(Stored data)

• • • • • • •

lemma one_minus_mult_ln_less_mult_ln:
  fixes t :: real assumes "1/2 < t" "t < 1"
  shows "(1 - t) * ln (1 - t) < t * ln t"
proof -
  have t: "0 < t" "0 < 1 - t" using assms by auto
  have "ln (1 + (1 / t - 1)) < 1 / t - 1"
    using assms by (intro ln_add_one_self_less_self) (simp add: field_simps)
  then have ln_t: "0 < 1 / t - 1 + ln t"
    using t by (simp add: ln_div)
  have "(1 - t) * ln (1 - t) - t * ln t = (1 - t) * ln ((1 - t) / t) + (1 - 2 * t) * ln t"
    using t by (simp add: ln_div algebra_simps)
  also have "\<dots> \<le> (1 - t) * ((1 - t) / t - 1) + (1 - 2 * t) * ln t"
    using t by (simp add: ln_le_minus_one)
  also have "\<dots> = (1 - 2 * t) * (1 / t - 1 + ln t)"
    using t by (simp add: field_simps)
  also have "\<dots> < 0"
    using assms ln_t by (intro mult_neg_pos) auto
  finally show ?thesis by simp
qed

lemma ln_mult_ln_one_minus_strict_antimono:
  fixes x y :: real assumes "1/2 \<le> x" "x < y" "y < 1"
  shows "ln y * ln (1 - y) < ln x * ln (1 - x)"
proof -
  have "\<exists>c. x < c \<and> c < y \<and> ln y * ln (1 - y) - ln x * ln (1 - x)
      = (y - x) * (ln (1 - c) / c - ln c / (1 - c))"
    using assms by (intro MVT2) (auto intro!: derivative_eq_intros simp: field_simps)
  then obtain c where c: "x < c" "c < y" and mvt: "ln y * ln (1 - y) - ln x * ln (1 - x)
      = (y - x) * (ln (1 - c) / c - ln c / (1 - c))"
    by blast
  have "(1 - c) * ln (1 - c) < c * ln c"
    using assms c by (intro one_minus_mult_ln_less_mult_ln) auto
  then have "ln (1 - c) / c < ln c / (1 - c)"
    using assms c by (simp add: field_simps)
  then have "(y - x) * (ln (1 - c) / c - ln c / (1 - c)) < 0"
    using assms by (intro mult_pos_neg) auto
  then show ?thesis
    using mvt by simp
qed

lemma ln_mult_ln_one_minus_less:
  fixes P Q :: real assumes "0 < P" "P < Q" "Q < 1" "1 < P + Q"
  shows "ln Q * ln (1 - Q) < ln P * ln (1 - P)"
proof (cases "1/2 \<le> P")
  case True
  then show ?thesis using ln_mult_ln_one_minus_strict_antimono assms by simp
next
  case False
  then have "ln Q * ln (1 - Q) < ln (1 - P) * ln (1 - (1 - P))"
    using ln_mult_ln_one_minus_strict_antimono[of "1 - P" Q] assms by simp
  then show ?thesis by (simp add: mult.commute)
qed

• • • • • • •

Count every line above that includes the string "shows", and answer with the count only.

[Solved exercise]
3